It is so cold that we cannot stand still in spite of our fettering fatigue. We tremble and shiver and shed tears, and our teeth chatter. Little by little, with dispiriting tardiness, day escapes from the sky into the slender framework of the black clouds. All is frozen, colorless and empty; a deathly silence reigns everywhere. There is rime and snow under a burden of mist. Everything is white. Paradis moves—a heavy pallid ghost, for we two also are all white. I had placed my shoulder-bag on the other side of the parapet, and it looks as if wrapped in paper. In the bottom of the hole a little snow floats, fretted and gray in the black foot-bath. Outside the hole, on the piled-up things, in the excavations, upon the crowded dead, snow rests like muslin.

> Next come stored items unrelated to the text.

(* Fix $\kappa>0$ and $0<L<U<\infty$; let $a=(1+U)^{-1}$, $b=(1+L)^{-1}$, $I=[a,b]$, $z_0=(a+b)/2$, $\Delta=(b-a)/2$. For a measurable $\psi:[0,\infty)\to\mathbb R$ with $\|\psi\|_\infty\le1$, let $T_\psi(z)=\int_0^\infty\psi(\theta)\frac{\theta^{\kappa-1}}{\Gamma(\kappa)}\left(\frac{1-z}{z}\right)^\kappa e^{-\theta(1-z)/z}d\theta$ for $z\in I$, $R_\psi(z)=(1-z)^{-\kappa}T_\psi(z)$, and $q_\psi(u)=R_\psi(z_0+\Delta u)$ for $u\in[-1,1]$. Then there exist a constant $C>0$ depending only on $(\kappa,L,U)$ and a constant $\rho\in(0,1)$ depending only on $(L,U)$ such that, for every integer $m\ge2$ and every such $\psi$, there is a polynomial $p_{m,\psi}(u)=\sum_{j=0}^m d^{(m)}_{\psi,j}u^j$ of degree at most $m$ satisfying $$\sup_{u\in[-1,1]}|q_\psi(u)-p_{m,\psi}(u)|\le C\rho^m\qquad\text{and}\qquad|d^{(m)}_{\psi,j}|\le C\frac{m^j}{j!},\quad j=0,\dots,m.$$
   Context: $\|\psi\|_\infty$ is the supremum norm. *)

theory Defs
  imports "HOL-Analysis.Analysis"
begin

definition endA :: "real \<Rightarrow> real" where "endA U = 1 / (1 + U)"
definition endB :: "real \<Rightarrow> real" where "endB L = 1 / (1 + L)"
definition zc :: "real \<Rightarrow> real \<Rightarrow> real" where "zc L U = (endA U + endB L) / 2"
definition halfw :: "real \<Rightarrow> real \<Rightarrow> real" where "halfw L U = (endB L - endA U) / 2"

definition T_psi :: "real \<Rightarrow> (real \<Rightarrow> real) \<Rightarrow> real \<Rightarrow> real" where
  "T_psi \<kappa> \<psi> z = (LINT \<theta>:{0..}|lborel.
      \<psi> \<theta> * (\<theta> powr (\<kappa> - 1) / Gamma \<kappa>) * ((1 - z) / z) powr \<kappa> * exp (- \<theta> * (1 - z) / z))"

definition R_psi :: "real \<Rightarrow> (real \<Rightarrow> real) \<Rightarrow> real \<Rightarrow> real" where
  "R_psi \<kappa> \<psi> z = (1 - z) powr (- \<kappa>) * T_psi \<kappa> \<psi> z"

definition q_psi :: "real \<Rightarrow> real \<Rightarrow> real \<Rightarrow> (real \<Rightarrow> real) \<Rightarrow> real \<Rightarrow> real" where
  "q_psi \<kappa> L U \<psi> u = R_psi \<kappa> \<psi> (zc L U + halfw L U * u)"

end

theory Submission
  imports Defs "HOL-Complex_Analysis.Complex_Analysis"
begin

text \<open>
  For 0 < z < 1 the integrand of R_psi is psi(theta) k(theta, z) with
  k(theta, z) = theta^(kappa-1) / Gamma(kappa) * z^(-kappa) * exp (-theta (1 - z) / z),
  because (1 - z)^(-kappa) ((1 - z) / z)^kappa = z^(-kappa); and k(theta, -) is holomorphic
  on Re z > 0. The interval [a, b] lies strictly inside the disc |z - 1/2| < 1/2, so for some
  r > 1 depending only on L and U the map u \<mapsto> z0 + Delta u sends the disc |u| \<le> r into a
  disc |z - 1/2| \<le> s < 1/2. There |z| \<ge> 1/2 - s and Re (1/z) \<ge> 1 + (1/4 - s^2), so |k(theta, z)|
  is dominated by the integrable Gamma-type function
  h(theta) = theta^(kappa-1) (1/2 - s)^(-kappa) exp (-(1/4 - s^2) theta) / Gamma(kappa).
  Cauchy's estimates for u \<mapsto> k(theta, z0 + Delta u) bound its Taylor coefficients at 0 by
  h(theta) r^(-j) and its Taylor remainder on [-1, 1] by h(theta) r^(-m) / (r - 1); integrating
  against psi gives the polynomial, with rho = 1/r. The coefficient bound is then crude:
  |d_j| \<le> (integral of h) \<le> C and j! \<le> m^j for j \<le> m.
\<close>

section \<open>Cauchy estimates for holomorphic families\<close>

lemma Taylor_coefficient_bound:
  fixes f :: "complex \<Rightarrow> complex"
  assumes hol: "f holomorphic_on ball 0 R" and r: "0 < r" "r < R"
    and bound: "\<And>z. norm z \<le> r \<Longrightarrow> norm (f z) \<le> B"
  shows "norm ((deriv ^^ j) f 0 / fact j) \<le> B / r ^ j"
proof -
  have "norm ((deriv ^^ j) f 0) \<le> fact j * B / r ^ j"
  proof (rule Cauchy_inequality)
    show "f holomorphic_on ball 0 r"
      using hol by (rule holomorphic_on_subset) (use r in auto)
    show "continuous_on (cball 0 r) f"
      using holomorphic_on_imp_continuous_on[OF hol] by (rule continuous_on_subset) (use r in auto)
  qed (use r bound in auto)
  then show ?thesis
    by (simp add: norm_divide field_simps)
qed
(* There exists a normal set $A \subseteq \mathbb{N}$ such that there are no $x,y,z \in A$ with $xy = z$.
   Context: $\mathbb{N} = \{1,2,3,\dots\}$. An infinite binary sequence $(\lambda_i)_{i \ge 1}$ is called normal if every finite binary word $\omega$ of length $|\omega|$ occurs in the sequence with asymptotic frequency $2^{-|\omega|}$, i.e. the number of $i \le N$ with $(\lambda_i,\dots,\lambda_{i+|\omega|-1}) = \omega$, divided by $N$, tends to $2^{-|\omega|}$ as $N \to \infty$. A set $B \subseteq \mathbb{N}$ is called normal if its indicator sequence ($\lambda_i = 1$ iff $i \in B$) is normal. *)

theory Defs
  imports Complex_Main
begin

text \<open>An infinite binary sequence indexed from 1 is represented by a function
  lam :: nat \<Rightarrow> bool (value at 0 irrelevant); True stands for 1.
  Occurrence of word w at position i: lam (i + j) = w ! j for all j < length w.\<close>

definition occurs_at :: "(nat \<Rightarrow> bool) \<Rightarrow> bool list \<Rightarrow> nat \<Rightarrow> bool" where
  "occurs_at lam w i \<longleftrightarrow> (\<forall>j < length w. lam (i + j) = w ! j)"

definition normal_seq :: "(nat \<Rightarrow> bool) \<Rightarrow> bool" where
  "normal_seq lam \<longleftrightarrow>
     (\<forall>w :: bool list.
        (\<lambda>N. real (card {i \<in> {1..N}. occurs_at lam w i}) / real N)
          \<longlonglongrightarrow> (1 / 2) ^ length w)"

definition normal_set :: "nat set \<Rightarrow> bool" where
  "normal_set B \<longleftrightarrow> normal_seq (\<lambda>i. i \<in> B)"

end

theory Submission
  imports
    Defs
    "HOL-Computational_Algebra.Nth_Powers"
    "HOL-Analysis.Function_Topology"
    "HOL-Analysis.Harmonic_Numbers"
    "HOL-Real_Asymp.Real_Asymp"
begin
section \<open>Vanishing bracket implies commuting flows\<close>

text \<open>Telescoping along the orbit of \<open>A\<close>: \<open>k\<close> steps of size \<open>h\<close>, each commutator defect \<open>D\<close> being
  transported by \<open>A\<close> with Lipschitz constant \<open>K\<close>.\<close>
lemma flow_commutator_telescope:
  fixes A B :: "real \<Rightarrow> 'a::real_normed_vector \<Rightarrow> 'a"
  assumes A_add: "\<And>x y p. A (x + y) p = A x (A y p)" and A_zero: "\<And>p. A 0 p = p"
    and bA: "\<forall>y\<in>cball c R. \<forall>\<sigma>. \<bar>\<sigma>\<bar> \<le> T \<longrightarrow> norm (A \<sigma> y - y) \<le> M * \<bar>\<sigma>\<bar>"
    and bB: "\<forall>y\<in>cball c R. \<forall>\<sigma>. \<bar>\<sigma>\<bar> \<le> T \<longrightarrow> norm (B \<sigma> y - y) \<le> M * \<bar>\<sigma>\<bar>"
    and lA: "\<forall>a\<in>cball c R. \<forall>b\<in>cball c R. \<forall>\<sigma>. \<bar>\<sigma>\<bar> \<le> T \<longrightarrow> norm (A \<sigma> a - A \<sigma> b) \<le> K * norm (a - b)"
    and K: "K \<ge> 0" and M: "M \<ge> 0"
    and t: "\<bar>t\<bar> \<le> T" and rho: "\<rho> + 2 * M * T \<le> R"
    and D: "\<forall>y\<in>cball c \<rho>. norm (B t (A h y) - A h (B t y)) \<le> D"
  shows "\<bar>real k * h\<bar> \<le> T \<Longrightarrow> y \<in> cball c (\<rho> - M * real k * \<bar>h\<bar>) \<Longrightarrow>
     norm (B t (A (real k * h) y) - A (real k * h) (B t y)) \<le> real k * K * D"
proof (induction k arbitrary: y)
  case 0
  then show ?case using A_zero by simp
next
  case (Suc k)
  have hT: "\<bar>h\<bar> \<le> T"
  proof -
    have "\<bar>h\<bar> \<le> \<bar>real (Suc k) * h\<bar>" using mult_right_mono[of 1 "1 + real k" "\<bar>h\<bar>"] by (simp add: abs_mult)
    then show ?thesis using Suc.prems(1) by linarith
  qed
  have kT: "\<bar>real k * h\<bar> \<le> T"
  proof -
    have "\<bar>real k * h\<bar> \<le> \<bar>real (Suc k) * h\<bar>" by (simp add: abs_mult mult_right_mono)
    then show ?thesis using Suc.prems(1) by linarith
  qed
  have Mh: "M * \<bar>h\<bar> \<le> M * T" "M * \<bar>t\<bar> \<le> M * T" using hT t M by (auto intro: mult_left_mono)
  have yc: "dist c y \<le> \<rho> - M * real k * \<bar>h\<bar> - M * \<bar>h\<bar>" using Suc.prems(2) by (simp add: algebra_simps)
  have "M * real k * \<bar>h\<bar> \<ge> 0" using M by simp
  then have yc2: "dist c y \<le> \<rho>" using yc M by (smt (verit) abs_ge_zero mult_nonneg_nonneg)
  have T0: "T \<ge> 0" using t by linarith
  have MT: "M * T \<ge> 0" using M T0 by simp
  have yR: "y \<in> cball c R" using yc2 rho MT by simp
  define y' where "y' = A h y"
  have "norm (y' - y) \<le> M * \<bar>h\<bar>" unfolding y'_def using bA yR hT by blast
  then have y'c: "dist c y' \<le> \<rho> - M * real k * \<bar>h\<bar>" using yc dist_triangle[of c y' y]
    by (simp add: dist_norm norm_minus_commute)
  have IH: "norm (B t (A (real k * h) y') - A (real k * h) (B t y')) \<le> real k * K * D"
    using Suc.IH[OF kT] y'c by simp
  define a where "a = B t (A h y)"
  define b where "b = A h (B t y)"
  have y'R: "y' \<in> cball c R" using y'c rho MT \<open>M * real k * \<bar>h\<bar> \<ge> 0\<close> by simp
  have "norm (a - y') \<le> M * \<bar>t\<bar>" unfolding a_def y'_def[symmetric] using bB y'R t by blast
  then have "dist c a \<le> R" using y'c dist_triangle[of c a y'] Mh rho MT \<open>M * real k * \<bar>h\<bar> \<ge> 0\<close>
    by (simp add: dist_norm norm_minus_commute)
  then have aR: "a \<in> cball c R" by simp
  have "norm (B t y - y) \<le> M * \<bar>t\<bar>" using bB yR t by blast
  then have ty: "dist c (B t y) \<le> \<rho> + M * T" using yc2 dist_triangle[of c "B t y" y] Mh
    by (simp add: dist_norm norm_minus_commute)
  then have tyR: "B t y \<in> cball c R" using rho MT by simp
  have "norm (b - B t y) \<le> M * \<bar>h\<bar>" unfolding b_def using bA tyR hT by blast
  then have "dist c b \<le> R" using ty dist_triangle[of c b "B t y"] Mh rho MT
    by (simp add: dist_norm norm_minus_commute)
  then have bR: "b \<in> cball c R" by simp
  have L2: "norm (A (real k * h) a - A (real k * h) b) \<le> K * norm (a - b)" using lA aR bR kT by blast
  have Dy: "norm (a - b) \<le> D" unfolding a_def b_def using D yc2 by simp
  have eq1: "A (real (Suc k) * h) y = A (real k * h) y'" unfolding y'_def
    using A_add[of "real k * h" h y] by (simp add: algebra_simps)
  have eq2: "A (real (Suc k) * h) (B t y) = A (real k * h) b" unfolding b_def
    using A_add[of "real k * h" h "B t y"] by (simp add: algebra_simps)
  have "B t (A (real (Suc k) * h) y) - A (real (Suc k) * h) (B t y)
      = (B t (A (real k * h) y') - A (real k * h) (B t y')) + (A (real k * h) a - A (real k * h) b)"
    unfolding eq1 eq2 a_def y'_def by simp
  then have "norm (B t (A (real (Suc k) * h) y) - A (real (Suc k) * h) (B t y))
      \<le> norm (B t (A (real k * h) y') - A (real k * h) (B t y')) + norm (A (real k * h) a - A (real k * h) b)"
    by (simp add: norm_triangle_ineq)
  also have "\<dots> \<le> real k * K * D + K * D" using IH L2 Dy K by (smt (verit) mult_left_mono)
  also have "\<dots> = real (Suc k) * K * D" by (simp add: algebra_simps)
  finally show ?case .
qed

Two stooping protuberant masses are crayoned on the mist; they grow darker as they approach and hail us. They are the men who come to relieve us. Their faces are ruddy and tearful with cold, their cheek-bones like enameled tiles; but their greatcoats are not snow-powdered, for they have slept underground.
Paradis hoists himself out. Over the plain I follow his Father Christmas back and the duck-like waddle of the boots that pick up white-felted soles. Bending deeply forward we regain the trench; the footsteps of those who replaced us are marked in black on the scanty whiteness that covers the ground.
Watchers are standing at intervals in the trench, over which tarpaulins are stretched on posts here and there, figured in white velvet or mottled with rime, and forming great irregular tents; and between the watchers are squatting forms who grumble and try to fight against the cold. to exclude it from the meager fireside of their own chests, or who are simply frozen. A dead man has slid down. upright and hardly askew, with his feet in the trench and his chest and arms resting on the bank. He was clasping the earth when life left him. His face is turned skyward and is covered with a leprosy of ice, the eyelids are white as the eyes, the mustache caked with hard slime. Other bodies are sleeping, less white than that one; the snowy stratum is only intact on lifeless things.
“We must sleep.” Paradis and I are looking for shelter, a hole where we may hide ourselves and shut our eyes. “It can’t be helped if there are stiffs in the dugouts,” mutters Paradis; “in a cold like this they’ll keep, they won’t be too bad.” We go forward, so weary that we can only see the ground.
I am alone. Where is Paradis? He must have lain down in some hole, and perhaps I did not hear his call. I meet Marthereau. “I’m looking where I can sleep, I’ve been on guard,” he says.
“I, too; let’s look together.”
“What’s all the row and to-do?” says Marthereau. A mingled hubbub of trampling and voices overflows from the communication trench that goes off here. “The communication trenches are full of men. Who are you?”